▶ WHAT IS NEEDED:
Please copy, exactly as they appear below, the lines from the one containing "using prime prime_dvd_power by blast" through the one containing "by (intro freshmans_dream') simp_all".

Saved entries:
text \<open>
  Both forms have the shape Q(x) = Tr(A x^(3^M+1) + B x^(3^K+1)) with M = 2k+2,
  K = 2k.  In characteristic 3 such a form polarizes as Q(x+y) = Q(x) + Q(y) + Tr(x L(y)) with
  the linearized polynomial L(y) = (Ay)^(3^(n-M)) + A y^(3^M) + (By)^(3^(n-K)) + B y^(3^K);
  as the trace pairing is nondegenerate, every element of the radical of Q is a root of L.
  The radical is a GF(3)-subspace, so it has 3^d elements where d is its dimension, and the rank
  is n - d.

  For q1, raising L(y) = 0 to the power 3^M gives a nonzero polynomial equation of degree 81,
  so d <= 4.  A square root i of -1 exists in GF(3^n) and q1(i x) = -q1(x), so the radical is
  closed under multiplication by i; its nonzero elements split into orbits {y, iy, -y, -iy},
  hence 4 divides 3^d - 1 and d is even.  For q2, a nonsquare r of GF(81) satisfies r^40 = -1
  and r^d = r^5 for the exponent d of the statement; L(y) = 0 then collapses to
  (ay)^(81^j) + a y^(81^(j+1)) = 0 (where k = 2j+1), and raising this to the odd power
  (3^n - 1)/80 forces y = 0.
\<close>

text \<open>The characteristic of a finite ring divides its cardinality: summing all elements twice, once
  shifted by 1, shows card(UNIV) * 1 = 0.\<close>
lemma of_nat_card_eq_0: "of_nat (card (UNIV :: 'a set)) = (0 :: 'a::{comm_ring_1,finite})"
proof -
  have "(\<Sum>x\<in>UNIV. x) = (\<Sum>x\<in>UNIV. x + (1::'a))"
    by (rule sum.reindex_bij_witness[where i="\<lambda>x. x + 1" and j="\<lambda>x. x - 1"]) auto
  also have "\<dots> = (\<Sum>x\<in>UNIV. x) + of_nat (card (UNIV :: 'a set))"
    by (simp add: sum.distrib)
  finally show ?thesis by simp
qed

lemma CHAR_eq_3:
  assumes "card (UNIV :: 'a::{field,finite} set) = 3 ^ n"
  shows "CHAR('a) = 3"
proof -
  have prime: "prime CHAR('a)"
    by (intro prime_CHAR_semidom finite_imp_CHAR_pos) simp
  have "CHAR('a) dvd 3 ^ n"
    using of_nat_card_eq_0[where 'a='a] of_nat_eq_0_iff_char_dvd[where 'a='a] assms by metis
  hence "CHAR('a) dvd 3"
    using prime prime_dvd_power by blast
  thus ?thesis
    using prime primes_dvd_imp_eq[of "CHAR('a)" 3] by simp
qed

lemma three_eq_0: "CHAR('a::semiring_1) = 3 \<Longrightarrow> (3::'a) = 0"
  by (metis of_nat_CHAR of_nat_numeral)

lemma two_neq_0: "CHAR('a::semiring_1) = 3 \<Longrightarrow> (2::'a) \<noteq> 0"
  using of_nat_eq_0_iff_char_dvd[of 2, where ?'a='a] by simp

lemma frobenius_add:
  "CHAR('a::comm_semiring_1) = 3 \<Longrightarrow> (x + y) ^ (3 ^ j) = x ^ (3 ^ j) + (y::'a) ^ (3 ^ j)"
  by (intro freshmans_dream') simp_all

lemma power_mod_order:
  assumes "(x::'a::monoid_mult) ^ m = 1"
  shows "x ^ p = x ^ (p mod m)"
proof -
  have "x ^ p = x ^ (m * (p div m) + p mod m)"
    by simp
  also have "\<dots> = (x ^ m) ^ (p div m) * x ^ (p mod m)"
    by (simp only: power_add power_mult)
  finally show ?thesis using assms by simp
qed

▶ SOLUTION:
    using prime prime_dvd_power by blast
  thus ?thesis
    using prime primes_dvd_imp_eq[of "CHAR('a)" 3] by simp
qed

lemma three_eq_0: "CHAR('a::semiring_1) = 3 \<Longrightarrow> (3::'a) = 0"
  by (metis of_nat_CHAR of_nat_numeral)

lemma two_neq_0: "CHAR('a::semiring_1) = 3 \<Longrightarrow> (2::'a) \<noteq> 0"
  using of_nat_eq_0_iff_char_dvd[of 2, where ?'a='a] by simp

lemma frobenius_add:
  "CHAR('a::comm_semiring_1) = 3 \<Longrightarrow> (x + y) ^ (3 ^ j) = x ^ (3 ^ j) + (y::'a) ^ (3 ^ j)"
  by (intro freshmans_dream') simp_all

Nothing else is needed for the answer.